A few words on DS4

(antirez.com)

53 points | by caust1c an hour ago ago

13 comments

  • 0xbadcafebee 5 minutes ago

    [delayed]

  • kamranjon 16 minutes ago

    Just want to mention that I've been pulling down and using DwarfStar locally and it's incredible. I actually have it running on my personal macbook m4 max with 128gb of ram and I am running the server to share it through tailscale with my work laptop and just have pi running there.

    The long context reasoning is something I haven't even seen in frontier models - I was running at 124k tokens earlier and it was still just buzzing along with no issues or fatigue.

    I am amazed at how well it works, I'm using it right now for some pretty complex frontend work, and it is much much faster than, for example running a dense 27b or 31b model (like qwen or gemma) for me (The benefits of MoE) - but the long context capabilities have been what have been absolutely flooring me.

    Super excited about this project and hope Antirez can keep himself from burning out - i've been following the repo pretty closely and there are a ton of PR's flooding in and it seems like he's had to do a lot of filtering out of slop code.

    • le-mark 7 minutes ago

      Is DS4 dwarf star 4 or deep seek 4?

      • kamranjon 6 minutes ago

        Just updated! Sorry I meant Dwarf Star - it's the only way I've actually managed to run DeepSeek flash on my local hardware

      • wolttam 6 minutes ago

        DwarfStar 4 is DeepSeek 4 (check the repo)

  • simonw 33 minutes ago

    I got this running on a 128GB M5 the other day - pretty painless, model runs in about 80GB of RAM and it seemed to be very capable at writing code and tool execution.

    • perfmode 22 minutes ago

      How’s the token throughput / response time?
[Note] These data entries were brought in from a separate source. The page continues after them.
definition is_chamber :: "chamber \<Rightarrow> bool" where
  "is_chamber c = (case c of (F, V, W) \<Rightarrow>
      hexface F \<and> hunit (psub V F) \<and> hunit (psub W F) \<and> hunit (psub V W))"

text \<open>Corner of colour i, in doubled coordinates.\<close>
definition corner :: "chamber \<Rightarrow> nat \<Rightarrow> pt" where
  "corner c i = (case c of (F, V, W) \<Rightarrow>
      if i = 0 then padd V V else if i = 1 then padd V W else padd F F)"

definition cref :: "nat \<Rightarrow> chamber \<Rightarrow> chamber" where
  "cref i c = (case c of (F, V, W) \<Rightarrow>
      if i = 0 then (F, W, V)
      else if i = 1 then (F, V, padd (psub V W) F)
      else (psub (padd V W) F, V, W))"

text \<open>Corners of the triangle GC(l,m), in doubled coordinates:
  v0 = (l,m), v1 = ((l-m)/2, (l+2m)/2), v2 = (0,0).\<close>
definition gc_vtx :: "nat \<Rightarrow> nat \<Rightarrow> nat \<Rightarrow> pt" where
  "gc_vtx l m j = (if j = 0 then (2 * int l, 2 * int m)
                   else if j = 1 then (int l - int m, int l + 2 * int m) else (0, 0))"

definition oth1 :: "nat \<Rightarrow> nat" where "oth1 j = (if j = 0 then 1 else 0)"
definition oth2 :: "nat \<Rightarrow> nat" where "oth2 j = (if j = 2 then 1 else 2)"

definition cross :: "pt \<Rightarrow> pt \<Rightarrow> pt \<Rightarrow> int" where
  "cross a b c = (fst b - fst a) * (snd c - snd a) - (snd b - snd a) * (fst c - fst a)"

text \<open>p lies on the side of the triangle opposite v_j.\<close>
definition on_side :: "nat \<Rightarrow> nat \<Rightarrow> nat \<Rightarrow> pt \<Rightarrow> bool" where
  "on_side l m j p \<longleftrightarrow> cross (gc_vtx l m (oth1 j)) (gc_vtx l m (oth2 j)) p = 0"

definition in_tri :: "nat \<Rightarrow> nat \<Rightarrow> pt \<Rightarrow> bool" where
  "in_tri l m p \<longleftrightarrow> (\<forall>j<3.
     cross (gc_vtx l m (oth1 j)) (gc_vtx l m (oth2 j)) p *
     cross (gc_vtx l m (oth1 j)) (gc_vtx l m (oth2 j)) (gc_vtx l m j) \<ge> 0)"

definition gc_tri :: "nat \<Rightarrow> nat \<Rightarrow> chamber set" where
  "gc_tri l m = {c. is_chamber c \<and> (\<forall>i<3. in_tri l m (corner c i))}"

text \<open>For a chamber c of the triangle whose side opposite its colour-i corner lies on the
  boundary: the index j of the side of the triangle (opposite v_j) containing it.\<close>
definition gc_side :: "nat \<Rightarrow> nat \<Rightarrow> chamber \<Rightarrow> nat \<Rightarrow> nat" where
  "gc_side l m c i =
     (if on_side l m 0 (corner c (oth1 i)) \<and> on_side l m 0 (corner c (oth2 i)) then 0
      else if on_side l m 1 (corner c (oth1 i)) \<and> on_side l m 1 (corner c (oth2 i)) then 1
      else 2)"
lemma SC_32_1_split_at_max:
  assumes below: "\<forall>x\<in>set L \<union> set R. x < n" and "\<forall>a\<in>set L. \<forall>c\<in>set R. c < a"
    and "\<not> contains_32_1 (n # rev L)"
  shows "SC contains_32_1 (L @ n # R) = SC contains_32_1 R @ n # rev L"
proof -
  have "stack_run contains_32_1 (L @ [n]) [] = ([], rev (L @ [n]) @ [])"
    by (rule stack_run_no_pop) (use cons_closed_contains_32_1 assms(3) in auto)
  moreover have "stack_run contains_32_1 R ([] @ n # rev L) =
      (fst (stack_run contains_32_1 R []), snd (stack_run contains_32_1 R []) @ n # rev L)"
  proof (rule stack_run_inert_bottom[of "set R"])
    show "\<forall>w. set w \<subseteq> set R \<longrightarrow> contains_32_1 (w @ n # rev L) = contains_32_1 w"
    proof (intro allI impI)
      fix w assume "set w \<subseteq> set R"
      then have "\<forall>a\<in>set w. \<forall>z\<in>set (n # rev L). a < z" using assms(1,2) by auto
      then show "contains_32_1 (w @ n # rev L) = contains_32_1 w"
        using contains_32_1_append_ordered assms(3) by blast
    qed
  qed auto
  ultimately show ?thesis
    using stack_run_append[of contains_32_1 "L @ [n]" R "[]"]
    by (simp add: SC_def sc_aux_eq_stack_run Let_def)
qed

lemma SC_32_1_avoiding_231_shape:
  assumes below: "\<forall>x\<in>set L \<union> set R. x < n" and "distinct (L @ [n])"
    and avoid: "\<not> contains_231 (SC contains_32_1 (L @ n # R))"
  shows "\<not> contains_32_1 (n # rev L) \<and>
    (\<exists>X. set X = set R \<and> SC contains_32_1 (L @ n # R) = X @ n # rev L)"
proof -
  \<comment> \<open>An entry of \<open>L\<close> that is popped lies above an entry left below \<open>n\<close>: a 231 with \<open>n\<close>.\<close>
  define P S where "P = fst (stack_run contains_32_1 (L @ [n]) [])"
    and "S = snd (stack_run contains_32_1 (L @ [n]) [])"
  obtain B where S: "S = n # B"
    using stack_run_append[of contains_32_1 L "[n]" "[]"] stack_run_single[of contains_32_1 n]
    unfolding S_def by (auto simp: Let_def)
  have avoid_S: "\<not> contains_32_1 S"
    unfolding S_def by (rule stack_run_avoids) (simp_all add: cons_closed_contains_32_1)
  have popped: "\<forall>p\<in>set P. \<exists>q\<in>set S. q < p"
    using stack_run_output_above_stack[where c = contains_32_1 and xs = "L @ [n]" and st = "[]"]
    unfolding P_def S_def by (simp add: cons_closed_contains_32_1)
  have mset_PS: "mset (P @ S) = mset (L @ [n])"
    using mset_stack_run[of contains_32_1 "L @ [n]" "[]"] unfolding P_def S_def by simp
  then have "distinct (P @ S)" using assms(2) mset_eq_imp_distinct_iff by blast
  moreover have "set (P @ S) = set (L @ [n])" using mset_PS by (rule mset_eq_setD)
  ultimately have P_L: "set P \<subseteq> set L" using S by auto
  have "\<forall>x\<in>set R. \<not> contains_32_1 (x # n # B)"
  proof
    fix x assume "x \<in> set R"
    then have "\<not> n < x" using below by (meson UnI2 order_less_asym)
    then show "\<not> contains_32_1 (x # n # B)" using avoid_S S by simp
  qed
  then obtain out s where R: "stack_run contains_32_1 R ([] @ n # B) = (out, s @ n # B)"
    using stack_run_keeps_bottom by blast
  have "mset (out @ s) = mset R" using mset_stack_run[of contains_32_1 R "n # B"] R by simp
  then have set_R: "set (out @ s) = set R" by (rule mset_eq_setD)
  have SC: "SC contains_32_1 (L @ n # R) = P @ (out @ s) @ n # B"
    using stack_run_append[of contains_32_1 "L @ [n]" R "[]"] R
    unfolding SC_def sc_aux_eq_stack_run by (simp add: Let_def P_def S_def[symmetric] S)
  have "P = []"
  proof (rule ccontr)
    assume "P \<noteq> []"
    then obtain p where p: "p \<in> set P" by (cases P) auto
    then obtain q where "q \<in> set S" "q < p" using popped by blast
    moreover have "p < n" using p P_L below by auto
    ultimately have "contains_231 (P @ (out @ s) @ n # B)"
      using S contains_231_witness[of p P q B n "out @ s"] p by auto
    then show False using avoid SC by simp
  qed
  then have "B = rev L"
    using S stack_run_no_output[of contains_32_1 "L @ [n]" "[]"] unfolding P_def S_def by simp
  then show ?thesis using avoid_S S SC set_R \<open>P = []\<close> by auto
qed

theorem SC_32_1_avoids_231_iff:
  assumes below: "\<forall>x\<in>set L \<union> set R. x < n" and distinct: "distinct (L @ n # R)"
  shows "\<not> contains_231 (SC contains_32_1 (L @ n # R)) \<longleftrightarrow>
    \<not> contains_32_1 (n # rev L) \<and> \<not> contains_231 (rev L) \<and> \<not> contains_231 (SC contains_32_1 R) \<and>
    (\<forall>a\<in>set L. \<forall>c\<in>set R. c < a)"
proof
  assume avoid: "\<not> contains_231 (SC contains_32_1 (L @ n # R))"
  then obtain X where X: "set X = set R" "SC contains_32_1 (L @ n # R) = X @ n # rev L"
    and n_L: "\<not> contains_32_1 (n # rev L)"
    using SC_32_1_avoiding_231_shape[OF below] distinct by auto
  have below_X: "\<forall>x\<in>set X \<union> set (rev L). x < n" using below X by auto
  have "\<not> contains_231 (rev L)" and LR: "\<forall>a\<in>set L. \<forall>c\<in>set R. c < a"
    using avoid distinct X contains_231_split_at_max[OF below_X] by (fastforce simp: not_less)+
  moreover have "SC contains_32_1 (L @ n # R) = SC contains_32_1 R @ n # rev L"
    using SC_32_1_split_at_max[OF below LR n_L] .
  then have "\<not> contains_231 (SC contains_32_1 R)"
    using avoid X(2) contains_231_split_at_max[OF below_X] by simp
  ultimately show "\<not> contains_32_1 (n # rev L) \<and> \<not> contains_231 (rev L) \<and>
      \<not> contains_231 (SC contains_32_1 R) \<and> (\<forall>a\<in>set L. \<forall>c\<in>set R. c < a)"
    using n_L by blast
next
  assume "\<not> contains_32_1 (n # rev L) \<and> \<not> contains_231 (rev L) \<and>
      \<not> contains_231 (SC contains_32_1 R) \<and> (\<forall>a\<in>set L. \<forall>c\<in>set R. c < a)"
  moreover have "set (SC contains_32_1 R) = set R" by (metis mset_SC set_mset_mset)
  ultimately show "\<not> contains_231 (SC contains_32_1 (L @ n # R))"
    using SC_32_1_split_at_max[OF below] contains_231_split_at_max[of "SC contains_32_1 R" "rev L" n] below
    by fastforce
qed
      • simonw 19 minutes ago

        Healthy!

          prefill: 30.91 t/s, generation: 29.58 t/s
        
        From https://gist.github.com/simonw/31127f9025845c4c9b10c3e0d8612...
        • xienze 9 minutes ago

          I don't want to be a jerk but 31t/s prefill is basically unusable in an agentic situation. A mere 10k in context and you're sitting there for 5+ minutes before the first token is generated.

          • aiscoming 7 minutes ago

            if it's just the coding agent system prompt and tools, you can cache that

            • xienze 2 minutes ago

              Yeah the problem is that's just the start of the context. There's, you know, all the tool call results and file reads and stuff.

  • bjconlan an hour ago

    This is great! I feel the same way about the deepseek v4 architecture for commodity hardware.

    Also have enjoyed playing with https://huggingface.co/HuggingFaceTB/nanowhale-100m-base (but early days for me understanding this space)

    • kamranjon 2 minutes ago

      Very cool! I had no idea that HF was doing this - I really love their small model experiments.